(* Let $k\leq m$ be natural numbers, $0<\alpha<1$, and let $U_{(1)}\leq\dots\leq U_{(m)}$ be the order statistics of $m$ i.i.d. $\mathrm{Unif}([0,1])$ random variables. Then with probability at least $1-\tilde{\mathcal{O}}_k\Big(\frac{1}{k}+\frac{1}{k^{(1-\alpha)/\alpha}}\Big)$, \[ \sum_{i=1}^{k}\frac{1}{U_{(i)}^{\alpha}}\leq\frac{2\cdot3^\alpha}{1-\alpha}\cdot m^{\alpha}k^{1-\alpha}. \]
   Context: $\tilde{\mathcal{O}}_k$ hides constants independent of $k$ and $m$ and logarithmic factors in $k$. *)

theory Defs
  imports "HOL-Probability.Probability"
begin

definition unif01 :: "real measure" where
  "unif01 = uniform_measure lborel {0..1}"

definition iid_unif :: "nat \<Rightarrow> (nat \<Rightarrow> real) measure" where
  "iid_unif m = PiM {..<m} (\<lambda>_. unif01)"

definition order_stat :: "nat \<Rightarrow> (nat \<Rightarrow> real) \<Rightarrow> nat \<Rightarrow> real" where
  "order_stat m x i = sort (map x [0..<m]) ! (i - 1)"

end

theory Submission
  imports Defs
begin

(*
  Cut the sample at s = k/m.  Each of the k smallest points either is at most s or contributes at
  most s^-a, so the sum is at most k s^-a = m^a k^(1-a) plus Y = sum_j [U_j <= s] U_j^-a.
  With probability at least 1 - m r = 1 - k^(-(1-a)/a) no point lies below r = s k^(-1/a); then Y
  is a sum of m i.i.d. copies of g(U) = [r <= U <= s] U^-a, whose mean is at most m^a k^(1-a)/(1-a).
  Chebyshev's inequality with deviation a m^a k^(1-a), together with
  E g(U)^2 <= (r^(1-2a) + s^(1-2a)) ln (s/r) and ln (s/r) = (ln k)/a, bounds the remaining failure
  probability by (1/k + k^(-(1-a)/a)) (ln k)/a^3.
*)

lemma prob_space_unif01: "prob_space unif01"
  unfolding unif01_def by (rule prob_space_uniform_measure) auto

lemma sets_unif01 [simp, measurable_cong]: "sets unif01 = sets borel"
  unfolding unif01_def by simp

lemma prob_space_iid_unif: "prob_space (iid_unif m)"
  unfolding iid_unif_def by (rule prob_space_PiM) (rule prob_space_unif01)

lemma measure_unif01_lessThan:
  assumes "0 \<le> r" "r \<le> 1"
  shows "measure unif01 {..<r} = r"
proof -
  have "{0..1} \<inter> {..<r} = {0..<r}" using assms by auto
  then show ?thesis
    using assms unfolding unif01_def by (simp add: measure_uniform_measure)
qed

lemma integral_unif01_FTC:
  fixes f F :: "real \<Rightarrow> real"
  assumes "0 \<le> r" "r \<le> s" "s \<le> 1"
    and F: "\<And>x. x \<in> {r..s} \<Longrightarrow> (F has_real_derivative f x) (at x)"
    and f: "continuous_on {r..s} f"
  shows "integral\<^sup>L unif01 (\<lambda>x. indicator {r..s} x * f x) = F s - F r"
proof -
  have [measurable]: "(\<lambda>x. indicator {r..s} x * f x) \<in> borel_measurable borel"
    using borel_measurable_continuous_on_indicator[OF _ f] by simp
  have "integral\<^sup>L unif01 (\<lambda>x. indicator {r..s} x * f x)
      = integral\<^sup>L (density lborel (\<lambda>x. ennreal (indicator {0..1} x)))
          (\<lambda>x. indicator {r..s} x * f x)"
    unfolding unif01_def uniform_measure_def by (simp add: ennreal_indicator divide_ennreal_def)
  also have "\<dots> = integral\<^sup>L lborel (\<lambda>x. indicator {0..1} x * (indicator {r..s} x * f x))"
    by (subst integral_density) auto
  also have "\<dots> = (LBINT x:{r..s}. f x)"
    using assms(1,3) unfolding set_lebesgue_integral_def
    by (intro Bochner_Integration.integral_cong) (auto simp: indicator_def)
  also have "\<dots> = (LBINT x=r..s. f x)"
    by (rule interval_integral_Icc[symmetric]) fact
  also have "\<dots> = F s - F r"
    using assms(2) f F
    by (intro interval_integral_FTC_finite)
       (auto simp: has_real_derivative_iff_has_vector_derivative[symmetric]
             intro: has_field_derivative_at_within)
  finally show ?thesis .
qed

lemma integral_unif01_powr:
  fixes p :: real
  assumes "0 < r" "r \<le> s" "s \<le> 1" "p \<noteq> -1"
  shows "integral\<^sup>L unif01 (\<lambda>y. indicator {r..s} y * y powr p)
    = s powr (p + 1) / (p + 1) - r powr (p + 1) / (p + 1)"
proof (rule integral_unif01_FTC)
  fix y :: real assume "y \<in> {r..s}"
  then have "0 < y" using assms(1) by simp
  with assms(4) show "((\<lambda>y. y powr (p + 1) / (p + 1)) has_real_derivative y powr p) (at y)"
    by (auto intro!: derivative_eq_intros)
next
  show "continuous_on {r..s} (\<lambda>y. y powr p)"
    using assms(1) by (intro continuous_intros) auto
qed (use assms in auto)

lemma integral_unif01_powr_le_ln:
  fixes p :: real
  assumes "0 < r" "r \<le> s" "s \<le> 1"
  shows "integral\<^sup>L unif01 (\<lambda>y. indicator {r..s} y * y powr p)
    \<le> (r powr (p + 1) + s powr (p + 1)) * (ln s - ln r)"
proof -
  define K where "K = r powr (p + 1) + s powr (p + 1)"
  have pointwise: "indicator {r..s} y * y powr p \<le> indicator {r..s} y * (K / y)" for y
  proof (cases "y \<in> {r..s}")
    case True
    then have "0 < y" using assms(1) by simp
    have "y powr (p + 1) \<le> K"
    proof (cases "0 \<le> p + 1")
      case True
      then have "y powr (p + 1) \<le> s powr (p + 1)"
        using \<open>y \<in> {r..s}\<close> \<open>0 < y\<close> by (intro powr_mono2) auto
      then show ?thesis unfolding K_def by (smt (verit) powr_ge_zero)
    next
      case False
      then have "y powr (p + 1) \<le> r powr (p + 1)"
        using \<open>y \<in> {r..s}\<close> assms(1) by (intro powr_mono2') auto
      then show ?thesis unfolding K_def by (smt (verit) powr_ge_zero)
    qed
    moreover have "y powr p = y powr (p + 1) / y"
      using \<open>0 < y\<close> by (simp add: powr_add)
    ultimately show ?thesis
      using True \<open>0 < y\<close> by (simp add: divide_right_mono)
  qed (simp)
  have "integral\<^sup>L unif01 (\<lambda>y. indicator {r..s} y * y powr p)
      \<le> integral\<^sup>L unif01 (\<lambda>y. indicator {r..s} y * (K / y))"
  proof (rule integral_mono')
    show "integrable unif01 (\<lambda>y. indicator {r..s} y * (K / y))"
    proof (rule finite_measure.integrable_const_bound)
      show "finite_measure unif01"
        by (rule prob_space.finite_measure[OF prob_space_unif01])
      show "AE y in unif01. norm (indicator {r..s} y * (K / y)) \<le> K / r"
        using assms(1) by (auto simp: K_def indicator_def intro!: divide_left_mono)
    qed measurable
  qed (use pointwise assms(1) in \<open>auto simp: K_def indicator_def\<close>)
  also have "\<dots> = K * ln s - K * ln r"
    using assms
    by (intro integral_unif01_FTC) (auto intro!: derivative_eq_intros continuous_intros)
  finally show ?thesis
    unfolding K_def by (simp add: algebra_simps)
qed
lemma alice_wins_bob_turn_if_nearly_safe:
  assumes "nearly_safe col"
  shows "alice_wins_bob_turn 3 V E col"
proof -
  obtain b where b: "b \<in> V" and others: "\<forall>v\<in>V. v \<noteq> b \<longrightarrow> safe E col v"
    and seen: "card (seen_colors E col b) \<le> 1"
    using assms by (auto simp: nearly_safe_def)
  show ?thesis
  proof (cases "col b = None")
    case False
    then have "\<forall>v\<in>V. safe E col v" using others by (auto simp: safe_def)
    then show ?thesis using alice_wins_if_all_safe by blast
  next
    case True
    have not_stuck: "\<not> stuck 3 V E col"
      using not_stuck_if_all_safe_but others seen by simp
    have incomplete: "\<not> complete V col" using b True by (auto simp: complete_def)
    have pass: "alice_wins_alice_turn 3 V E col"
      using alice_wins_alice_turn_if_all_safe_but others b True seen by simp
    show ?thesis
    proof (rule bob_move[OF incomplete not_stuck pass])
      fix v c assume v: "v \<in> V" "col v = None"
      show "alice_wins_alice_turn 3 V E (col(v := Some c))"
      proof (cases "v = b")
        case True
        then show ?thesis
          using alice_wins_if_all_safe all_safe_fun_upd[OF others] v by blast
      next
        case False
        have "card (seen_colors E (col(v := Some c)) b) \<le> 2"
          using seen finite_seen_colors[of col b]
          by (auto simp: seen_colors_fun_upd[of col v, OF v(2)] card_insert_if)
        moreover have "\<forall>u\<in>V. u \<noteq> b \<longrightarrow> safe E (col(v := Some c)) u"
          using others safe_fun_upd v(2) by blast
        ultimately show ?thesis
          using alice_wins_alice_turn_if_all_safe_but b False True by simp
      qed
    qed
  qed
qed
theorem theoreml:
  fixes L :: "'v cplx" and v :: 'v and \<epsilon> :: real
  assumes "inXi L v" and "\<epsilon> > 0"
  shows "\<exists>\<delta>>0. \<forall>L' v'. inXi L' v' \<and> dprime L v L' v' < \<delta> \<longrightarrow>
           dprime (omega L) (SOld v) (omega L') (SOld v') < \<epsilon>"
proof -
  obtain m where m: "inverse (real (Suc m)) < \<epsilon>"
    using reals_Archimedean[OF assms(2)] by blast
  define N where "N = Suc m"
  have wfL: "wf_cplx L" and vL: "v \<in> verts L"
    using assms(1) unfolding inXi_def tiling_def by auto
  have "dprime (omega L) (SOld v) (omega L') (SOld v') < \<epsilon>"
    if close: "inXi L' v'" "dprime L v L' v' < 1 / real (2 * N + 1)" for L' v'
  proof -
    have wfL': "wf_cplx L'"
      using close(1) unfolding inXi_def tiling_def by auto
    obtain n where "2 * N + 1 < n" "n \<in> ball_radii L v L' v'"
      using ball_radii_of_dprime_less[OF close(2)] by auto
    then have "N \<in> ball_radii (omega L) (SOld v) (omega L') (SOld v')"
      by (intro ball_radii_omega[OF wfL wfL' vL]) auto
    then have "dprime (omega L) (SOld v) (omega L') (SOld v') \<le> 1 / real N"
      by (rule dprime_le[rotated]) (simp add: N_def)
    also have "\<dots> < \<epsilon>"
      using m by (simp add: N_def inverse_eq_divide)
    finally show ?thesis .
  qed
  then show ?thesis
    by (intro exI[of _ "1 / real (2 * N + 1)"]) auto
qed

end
--
From the line containing "using reals_Archimedean[OF assms(2)]" down to the end of the listing above, return each line exactly as it appears and nothing more.

    using reals_Archimedean[OF assms(2)] by blast
  define N where "N = Suc m"
  have wfL: "wf_cplx L" and vL: "v \<in> verts L"
    using assms(1) unfolding inXi_def tiling_def by auto
  have "dprime (omega L) (SOld v) (omega L') (SOld v') < \<epsilon>"
    if close: "inXi L' v'" "dprime L v L' v' < 1 / real (2 * N + 1)" for L' v'
  proof -
    have wfL': "wf_cplx L'"
      using close(1) unfolding inXi_def tiling_def by auto
    obtain n where "2 * N + 1 < n" "n \<in> ball_radii L v L' v'"
      using ball_radii_of_dprime_less[OF close(2)] by auto
    then have "N \<in> ball_radii (omega L) (SOld v) (omega L') (SOld v')"
      by (intro ball_radii_omega[OF wfL wfL' vL]) auto
    then have "dprime (omega L) (SOld v) (omega L') (SOld v') \<le> 1 / real N"
      by (rule dprime_le[rotated]) (simp add: N_def)
    also have "\<dots> < \<epsilon>"
      using m by (simp add: N_def inverse_eq_divide)
    finally show ?thesis .
  qed
  then show ?thesis
    by (intro exI[of _ "1 / real (2 * N + 1)"]) auto
qed

end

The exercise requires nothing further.